Türkiye'de ABD askerine red kararına savaş açanlar ve ABD'ye destek vermezse bu ülkenin parçalanacağı gibi felaket senaryosu çizenler, Almanya Dışişleri Bakanı Joschka Fischer'in dün, ''Dicle ve Fırat nehirleri arasında bulunan Batılı bir ordunun, Irak'ı demokratikleştirme hedefini gerçekleştirmesinden kuşku duyuyorum. Savaştan sonra ülkenin Balkanlaşma tehlikesi var'' sözlerinden ne anlıyorlar?

Günlerdir Türkiye'ye ve hükümete Amerika'nın "B Planı" şantajını yapanlar, ABD'nin Türkiye'siz bölgede bir varlık gösteremeyeceğini anlamadılar mı? Bu savaşın seyrini belirleyecek tek ülke var, o da Türkiye.
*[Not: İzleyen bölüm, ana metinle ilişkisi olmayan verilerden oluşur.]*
(* Let $N,L\ge1$. Then for any $k\in\mathbb{R}^2$ and any $A\ge|k|$, the set \[ \{k'\in\mathbb{R}^2:\ |k'|\le N,\ |k-k'|\le N,\ |k'|+|k-k'|\in[A,A+L]\} \] can be covered by at most $O(N^{\frac32}L^{\frac12})$ squares of unit side length, with the implied constant independent of $N,L,k,A$. *)

theory Defs
  imports "HOL-Analysis.Analysis"
begin

definition unit_square :: "real^2 \<Rightarrow> (real^2) set" where
  "unit_square c = {x. \<forall>i. c$i \<le> x$i \<and> x$i \<le> c$i + 1}"

definition shell_set :: "real \<Rightarrow> real \<Rightarrow> real^2 \<Rightarrow> real \<Rightarrow> (real^2) set" where
  "shell_set N L k A = {k'. norm k' \<le> N \<and> norm (k - k') \<le> N \<and>
       A \<le> norm k' + norm (k - k') \<and> norm k' + norm (k - k') \<le> A + L}"

end

theory Submission
  imports Defs
begin

(* The squares at
   the lattice corners of the points of a set S cover S; their open interiors are pairwise
   disjoint and lie within distance 2 of S, so there are at most as many of them as the area of
   the 2-neighbourhood of S.
   Since |k'| + |k - k'| is 2-Lipschitz in k', the 2-neighbourhood of the shell lies between the
   confocal ellipses with foci 0, k and focal sums A - 5 and A + L + 4. An ellipse with focal sum
   2a and focal distance 2c has area pi a sqrt(a^2 - c^2), and the difference of the two areas is
   O(a (a1 - a0) + a sqrt(a (a1 - a0))) = O(N^(3/2) L^(1/2)) when A, L <= 2N. Widths L > 2N do
   not change the shell, and for A > 2N it is empty. *)

definition lattice_corner :: "real^2 \<Rightarrow> real^2" where
  "lattice_corner x = (\<chi> i. of_int \<lfloor>x$i\<rfloor>)"

lemma mem_unit_square_lattice_corner: "x \<in> unit_square (lattice_corner x)"
  by (simp add: unit_square_def lattice_corner_def)

lemma lattice_corner_eq_of_mem_box:
  assumes "y \<in> box (lattice_corner x) (lattice_corner x + 1)"
  shows "lattice_corner y = lattice_corner x"
proof -
  have "of_int \<lfloor>x$i\<rfloor> < y$i \<and> y$i < of_int \<lfloor>x$i\<rfloor> + 1" for i
    using assms by (simp add: mem_box_cart lattice_corner_def)
  then have "\<lfloor>y$i\<rfloor> = \<lfloor>x$i\<rfloor>" for i
    by (meson floor_unique less_imp_le)
  then show ?thesis by (simp add: lattice_corner_def)
qed

lemma dist_lt_2_of_mem_box_lattice_corner:
  assumes "y \<in> box (lattice_corner x) (lattice_corner x + 1)"
  shows "dist x y < 2"
proof -
  have "of_int \<lfloor>x$i\<rfloor> < y$i \<and> y$i < of_int \<lfloor>x$i\<rfloor> + 1" for i
    using assms by (simp add: mem_box_cart lattice_corner_def)
  then have coord: "\<bar>(x - y)$i\<bar> < 1" for i
    using of_int_floor_le[of "x$i"] real_of_int_floor_add_one_gt[of "x$i"]
    by (smt (verit) vector_minus_component)
  have "(\<Sum>i\<in>UNIV. \<bar>(x - y)$i\<bar>) < 2"
    using coord[of 1] coord[of 2] by (simp add: sum_2)
  then show ?thesis
    using norm_le_l1_cart[of "x - y"] by (simp add: dist_norm)
qed

lemma finite_lattice_corner_image:
  assumes "bounded S"
  shows "finite (lattice_corner ` S)"
proof -
  obtain R where R: "\<And>x. x \<in> S \<Longrightarrow> norm x \<le> R"
    using assms bounded_iff by blast
  define M where "M = \<lceil>R\<rceil>"
  have "lattice_corner ` S \<subseteq> (\<lambda>f. \<chi> i. of_int (f i)) ` (\<Pi>\<^sub>E i\<in>UNIV. {-M..M})"
  proof
    fix c assume "c \<in> lattice_corner ` S"
    then obtain x where "x \<in> S" and c: "c = lattice_corner x" by blast
    have coord: "\<bar>x$i\<bar> \<le> R" for i
      using component_le_norm_cart[of x i] R[OF \<open>x \<in> S\<close>] by linarith
    have "\<lfloor>x$i\<rfloor> \<in> {-M..M}" for i
    proof -
      have "x$i \<le> R" "-R \<le> x$i" using coord[of i] by linarith+
      then have "\<lfloor>x$i\<rfloor> \<le> \<lfloor>R\<rfloor>" "\<lfloor>-R\<rfloor> \<le> \<lfloor>x$i\<rfloor>" by (simp_all add: floor_mono)
      then show ?thesis
        unfolding M_def floor_minus atLeastAtMost_iff using floor_le_ceiling[of R] by linarith
    qed
    then show "c \<in> (\<lambda>f. \<chi> i. of_int (f i)) ` (\<Pi>\<^sub>E i\<in>UNIV. {-M..M})"
      unfolding c lattice_corner_def
      by (intro image_eqI[of _ _ "\<lambda>i. \<lfloor>x$i\<rfloor>"]) (auto simp: PiE_UNIV_domain)
  qed
  then show ?thesis
    by (rule finite_subset) (intro finite_imageI finite_PiE; simp)
qed

lemma measure_unit_box: "measure lebesgue (box c (c + 1 :: real^'n)) = 1"
proof -
  have "box c (c + 1) \<in> sets lborel" by simp
  then have "measure lebesgue (box c (c + 1)) = measure lborel (box c (c + 1))"
    by (simp add: measure_completion)
  also have "\<dots> = (\<Prod>b\<in>Basis. ((c + 1) - c) \<bullet> b)"
    by (rule measure_lborel_box) (auto simp: Basis_vec_def inner_axis)
  also have "\<dots> = 1"
    by (rule prod.neutral) (auto simp: Basis_vec_def inner_axis)
  finally show ?thesis .
qed
subsection \<open>The pseudovariety \<open>Excl(Z_(p^n))\<close>\<close>

definition Small_p_period :: "nat \<Rightarrow> nat \<Rightarrow> sg set" where
  "Small_p_period p n = {T \<in> FinSG. \<forall>s\<in>car T. small_p_period p n T s}"

lemma Zm_1_in_Small_p_period:
  assumes "prime p"
  shows "Zm 1 \<in> Small_p_period p n"
proof -
  have "spow (Zm 1) 0 (Suc j) = 0" for j
    using spow_Zm[of 0 1 j] by simp
  moreover have "\<not> p dvd 1"
    using assms not_prime_1 by auto
  ultimately have "small_p_period p n (Zm 1) 0"
    unfolding small_p_period_def by (metis add_Suc_shift le_add1 plus_1_eq_Suc)
  moreover have "car (Zm 1) = {0}"
    by (simp add: Zm_def car_def)
  ultimately show ?thesis
    unfolding Small_p_period_def using Zm_in_FinSG[of 1] by simp
qed

lemma small_p_period_sg_prod:
  assumes "prime p" "fin_sg S" "fin_sg T" "a \<in> car S" "b \<in> car T"
    and "small_p_period p n S a" "small_p_period p n T b"
  shows "small_p_period p n (sg_prod S T) (prod_encode (a, b))"
proof -
  obtain i1 K1 where 1: "i1 \<ge> 1" "\<not> p dvd K1" "spow S a (i1 + p ^ (n - 1) * K1) = spow S a i1"
    using assms(6) unfolding small_p_period_def by blast
  obtain i2 K2 where 2: "i2 \<ge> 1" "\<not> p dvd K2" "spow T b (i2 + p ^ (n - 1) * K2) = spow T b i2"
    using assms(7) unfolding small_p_period_def by blast
  have "spow S a (max i1 i2 + K2 * (p ^ (n - 1) * K1)) = spow S a (max i1 i2)"
    by (rule spow_period_shift[OF assms(2,4) 1(1,3)]) simp
  moreover have "spow T b (max i1 i2 + K1 * (p ^ (n - 1) * K2)) = spow T b (max i1 i2)"
    by (rule spow_period_shift[OF assms(3,5) 2(1,3)]) simp
  ultimately have "spow (sg_prod S T) (prod_encode (a, b)) (max i1 i2 + p ^ (n - 1) * (K1 * K2))
      = spow (sg_prod S T) (prod_encode (a, b)) (max i1 i2)"
    by (simp add: spow_sg_prod algebra_simps)
  moreover have "\<not> p dvd K1 * K2"
    using 1(2) 2(2) assms(1) by (simp add: prime_dvd_mult_iff)
  moreover have "max i1 i2 \<ge> 1"
    using 1(1) by simp
  ultimately show ?thesis
    unfolding small_p_period_def by blast
qed

lemma small_p_period_hom_image:
  assumes "fin_sg S" "s \<in> car S" "is_hom_onto f S T" "small_p_period p n S s"
  shows "small_p_period p n T (f s)"
  using assms(4) spow_hom[OF assms(1-3)] unfolding small_p_period_def by metis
Yani, Irak'ın da Kuzey Irak'ın da geleceği Türkiye'nin alacağı tavra bağlı. Kimse bu sorumluğu gizlemeye kalkışmasın.

İsrail askeri istihbarat servisi şefi Aharon Ze'evi, Türkiye'nin üslerinin kullanımına izin vermesi durumunda, Amerika'nın önümüzdeki hafta Irak'a saldıracağını, aksi takdirde saldırının Nisan hatta Mayıs ayına erteleneceğini söyledi. Dünya, savaşın veya barışın Ankara'nın kararına endekslendiğini çok iyi biliyor. Bu da, "Biz istemesek de ABD saldıracak" sözünün inanılırlığını yok ediyor. Türkiye bu savaşı erteleyebilir ve ertelemelidir. Mart ayında yapılmayan harekat doğrudan sonbahara kalacak.

Türkiye, ABD'ye izin verirse bölgede ve bütün dünyada ABD-İngiliz-İsrail saldırganlığına zemin hazırlamakla suçlanacak. Türkiye kamuoyu da bunu böyle algılayacak. Bu tarihî sorumsuzluğu kim üstlenebilir? Yarını düşünen hiç kimse.